De nombreuses initiatives gouvernementales, un manque de cohérence globale ?

Pour un grand ministère de la sécurité et de la prévention civiles. L'édito de Michel Taube

Au lendemain des terribles incendies de l’été 2022, la loi du 10 juillet 2023 visant à renforcer la prévention et la lutte contre l’intensification et l’extension du risque incendie avait été adoptée : la loi contient différentes mesures de prévention et de lutte : mise en place d’une stratégie nationale et territoriale, obligations de débroussailler renforcées, aides fiscales, interdiction de fumer en forêt pendant la période à risque…

En 2024 et 2025, deux réunions du Beauvau de la sécurité civile ont été organisés par le gouvernement et ont permis d’amorcer une grande concertation nationale rassemblant tous les acteurs de la sécurité civile autour d’un objectif commun : préserver le modèle de sécurité civile français mais aussi le faire évoluer pour affronter les défis de demain.

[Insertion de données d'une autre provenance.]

lemma packet_normalization_sq:
  assumes "k > 0"
  shows "((k / pi) powr (real n / 4))^2 = sqrt (k / pi) ^ n"
proof -
  have "((k / pi) powr (real n / 4))^2 = (k / pi) powr (real n * (1/2))"
    using assms by (simp add: powr_power)
  also have "\<dots> = ((k / pi) powr (1/2)) ^ n"
    using assms by (intro powr_power[symmetric]) simp
  finally show ?thesis
    using assms by (simp add: powr_half_sqrt)
qed

lemma borel_measurable_weighted_packet_deriv [measurable]:
  fixes c xi :: "real^'n::finite"
  shows "(\<lambda>x. complex_of_real (norm x ^ q) * packet_deriv k c xi a x) \<in> borel_measurable lborel"
proof -
  have "continuous_on UNIV (\<lambda>x::real^'n. (deriv ^^ a i) (wave_packet k (xi $ i)) (of_real (x $ i - c $ i)))" for i
    by (rule continuous_on_compose2[of UNIV "(deriv ^^ a i) (wave_packet k (xi $ i))"])
      (auto intro!: holomorphic_on_imp_continuous_on holomorphic_intros continuous_intros)
  then have "continuous_on UNIV (\<lambda>x. complex_of_real (norm x ^ q) * packet_deriv k c xi a x)"
    unfolding packet_deriv_def by (intro continuous_intros) auto
  then show ?thesis by (simp add: borel_measurable_continuous_onI)
qed

section \<open>The weighted Sobolev norm\<close>

lemma le_mi_order: "a i \<le> mi_order a"
  unfolding mi_order_def by (rule member_le_sum) auto

lemma mi_order_0: "mi_order (\<lambda>_. 0) = 0"
  by (simp add: mi_order_def)

lemma finite_mi_order_le: "finite {a::'n::finite \<Rightarrow> nat. mi_order a \<le> p}"
proof (rule finite_subset)
  show "{a::'n \<Rightarrow> nat. mi_order a \<le> p} \<subseteq> Pi\<^sub>E UNIV (\<lambda>_. {0..p})"
    using le_mi_order order_trans by (fastforce simp: PiE_UNIV_domain)
qed (rule finite_PiE; simp)

lemma Hhat_norm_sq_term_le:
  assumes "mi_order a + q \<le> p"
  shows "k powr (- 2 * real (mi_order a)) * L2_norm_sq (\<lambda>x. of_real (norm x ^ q) * mi_deriv a v x)
    \<le> Hhat_norm_sq p k v"
proof -
  let ?t = "\<lambda>a q. k powr (- 2 * real (mi_order a)) * L2_norm_sq (\<lambda>x. of_real (norm x ^ q) * mi_deriv a v x)"
  have "?t a q \<le> (\<Sum>q\<in>{0..p - mi_order a}. ?t a q)"
    using assms by (intro member_le_sum) (auto intro!: mult_nonneg_nonneg L2_norm_sq_nonneg)
  also have "\<dots> \<le> Hhat_norm_sq p k v"
    unfolding Hhat_norm_sq_def using assms finite_mi_order_le
    by (intro member_le_sum[of a]) (auto intro!: sum_nonneg mult_nonneg_nonneg L2_norm_sq_nonneg)
  finally show ?thesis .
qed
(* Let $G$ be a graph whose edge set is partitioned into the edge sets of $f$ degree-2 paths, each of length at least $f-1$. Then $G$ is geometric 1-planar.
   Context: Graphs are finite and simple. A degree-2 path in $G$ is a simple path all of whose internal vertices have degree two in $G$; its length is its number of edges. An embedding of a graph maps vertices to distinct points of $\mathbb{R}^2$ and each edge to a Jordan arc between its endpoints, such that edges intersect only at common endpoints or in proper crossings. A graph is geometric 1-planar if it admits an embedding in which every edge is a straight-line segment and every edge is crossed at most once. *)

theory Defs
  imports "HOL-Analysis.Analysis"
begin

definition simple_graph :: "'a set \<Rightarrow> 'a set set \<Rightarrow> bool" where
  "simple_graph V E \<longleftrightarrow> finite V \<and>
     (\<forall>e\<in>E. \<exists>u v. u \<noteq> v \<and> u \<in> V \<and> v \<in> V \<and> e = {u, v})"

definition degree :: "'a set set \<Rightarrow> 'a \<Rightarrow> nat" where
  "degree E v = card {e \<in> E. v \<in> e}"

definition path_edges :: "'a list \<Rightarrow> 'a set set" where
  "path_edges ps = {{ps ! i, ps ! Suc i} | i. Suc i < length ps}"

definition path_length :: "'a list \<Rightarrow> nat" where
  "path_length ps = length ps - 1"

definition degree2_path :: "'a set \<Rightarrow> 'a set set \<Rightarrow> 'a list \<Rightarrow> bool" where
  "degree2_path V E ps \<longleftrightarrow> ps \<noteq> [] \<and> distinct ps \<and> set ps \<subseteq> V \<and>
     (\<forall>i. Suc i < length ps \<longrightarrow> {ps ! i, ps ! Suc i} \<in> E) \<and>
     (\<forall>i. 0 < i \<and> Suc i < length ps \<longrightarrow> degree E (ps ! i) = 2)"

definition seg :: "('a \<Rightarrow> real^2) \<Rightarrow> 'a set \<Rightarrow> (real^2) set" where
  "seg p e = convex hull (p ` e)"

definition straight_line_embedding :: "'a set \<Rightarrow> 'a set set \<Rightarrow> ('a \<Rightarrow> real^2) \<Rightarrow> bool" where
  "straight_line_embedding V E p \<longleftrightarrow> inj_on p V \<and>
     (\<forall>e\<in>E. \<forall>w\<in>V. w \<notin> e \<longrightarrow> p w \<notin> seg p e) \<and>
     (\<forall>e\<in>E. \<forall>e'\<in>E. e \<noteq> e' \<longrightarrow>
        (e \<inter> e' \<noteq> {} \<longrightarrow> seg p e \<inter> seg p e' = p ` (e \<inter> e')) \<and>
        (e \<inter> e' = {} \<longrightarrow> (\<exists>x. seg p e \<inter> seg p e' \<subseteq> {x})))"

definition crossing_edges :: "'a set set \<Rightarrow> ('a \<Rightarrow> real^2) \<Rightarrow> 'a set \<Rightarrow> 'a set set" where
  "crossing_edges E p e = {e' \<in> E. e \<inter> e' = {} \<and> seg p e \<inter> seg p e' \<noteq> {}}"

definition geometric_1_planar :: "'a set \<Rightarrow> 'a set set \<Rightarrow> bool" where
  "geometric_1_planar V E \<longleftrightarrow> (\<exists>p. straight_line_embedding V E p \<and>
     (\<forall>e\<in>E. card (crossing_edges E p e) \<le> 1))"

end

theory Submission
  imports Defs
begin

(* Every vertex that is not internal to a path is placed on the parabola y = x^2, and each path
   is drawn along chords of the parabola, its internal vertices subdividing the chords. Two chords
   cross at most once, and only if their endpoints interleave along the parabola; choosing the
   abscissae one at a time, no three chords pass through a common point off the parabola. A chord
   is crossed by at most one chord of each other path, so a path with at least f - 1 edges can
   place its internal vertices such that every edge contains at most one crossing. Parallel paths
   would share their chord, so all but one of them are bent at an internal vertex placed on the
   parabola just after their common source; ordering these bend vertices suitably keeps the
   number of crossings on both halves within the number of edges available there. *)

section \<open>Partitions into degree-2 paths\<close>

lemma path_edges_rev_subset: "path_edges (rev ps) \<subseteq> path_edges ps"
proof
  fix e assume "e \<in> path_edges (rev ps)"
  then obtain i where i: "Suc i < length ps" "e = {rev ps ! i, rev ps ! Suc i}"
    unfolding path_edges_def by auto
  let ?i = "length ps - Suc (Suc i)"
  have "e = {ps ! ?i, ps ! Suc ?i}" "Suc ?i < length ps"
    using i by (auto simp: rev_nth Suc_diff_Suc)
  then show "e \<in> path_edges ps" unfolding path_edges_def by blast
qed

lemma path_edges_rev [simp]: "path_edges (rev ps) = path_edges ps"
  using path_edges_rev_subset[of ps] path_edges_rev_subset[of "rev ps"] by auto

lemma degree2_path_rev:
  assumes "degree2_path V E ps"
  shows "degree2_path V E (rev ps)"
proof -
  have "{rev ps ! i, rev ps ! Suc i} \<in> E" if "Suc i < length ps" for i
  proof -
    have "{rev ps ! i, rev ps ! Suc i} \<in> path_edges (rev ps)"
      using that unfolding path_edges_def by auto
    then obtain i' where "Suc i' < length ps" "{rev ps ! i, rev ps ! Suc i} = {ps ! i', ps ! Suc i'}"
      unfolding path_edges_rev unfolding path_edges_def by auto
    then show ?thesis using assms unfolding degree2_path_def by auto
  qed
  moreover have "degree E (rev ps ! i) = 2" if "0 < i" "Suc i < length ps" for i
  proof -
    have "rev ps ! i = ps ! (length ps - Suc i)" "0 < length ps - Suc i" "Suc (length ps - Suc i) < length ps"
      using that by (auto simp: rev_nth)
    then show ?thesis using assms unfolding degree2_path_def by auto
  qed
  ultimately show ?thesis using assms unfolding degree2_path_def by auto
qed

Un plan national d’adaptation au changement climatique avait aussi été adopté en 2024 par le gouvernement. Dans son prolongement, Bruno Retailleau, ministre d’Etat, ministre de l’Intérieur, et Agnès Pannier-Runacher, ministre de la Transition écologique, de la Biodiversité, de la Forêt, de la Mer et de la Pêche, ont lancé en février 2025 une stratégie nationale de défense des forêts et des surfaces non boisées contre les incendies.

Enfin, chaque année le gouvernement diffuse une campagne, plus ou moins visible, « ayons les bons réflexes face aux feux de forêt et de végétation », destinée à faire adopter par les Français les bons gestes qui préviennent les risques d’incendies.

 

Ce grand ministère permettrait simultanément de revaloriser les métiers de la protection civile, de renforcer les moyens, de mieux coordonner les ministères, services de l’Etat, collectivités locales (notamment les départements en charge des SDIS (Services d’incendie et de secours) et unités de protection civile, et, enfin, de transformer les Français en acteurs de la prévention civile.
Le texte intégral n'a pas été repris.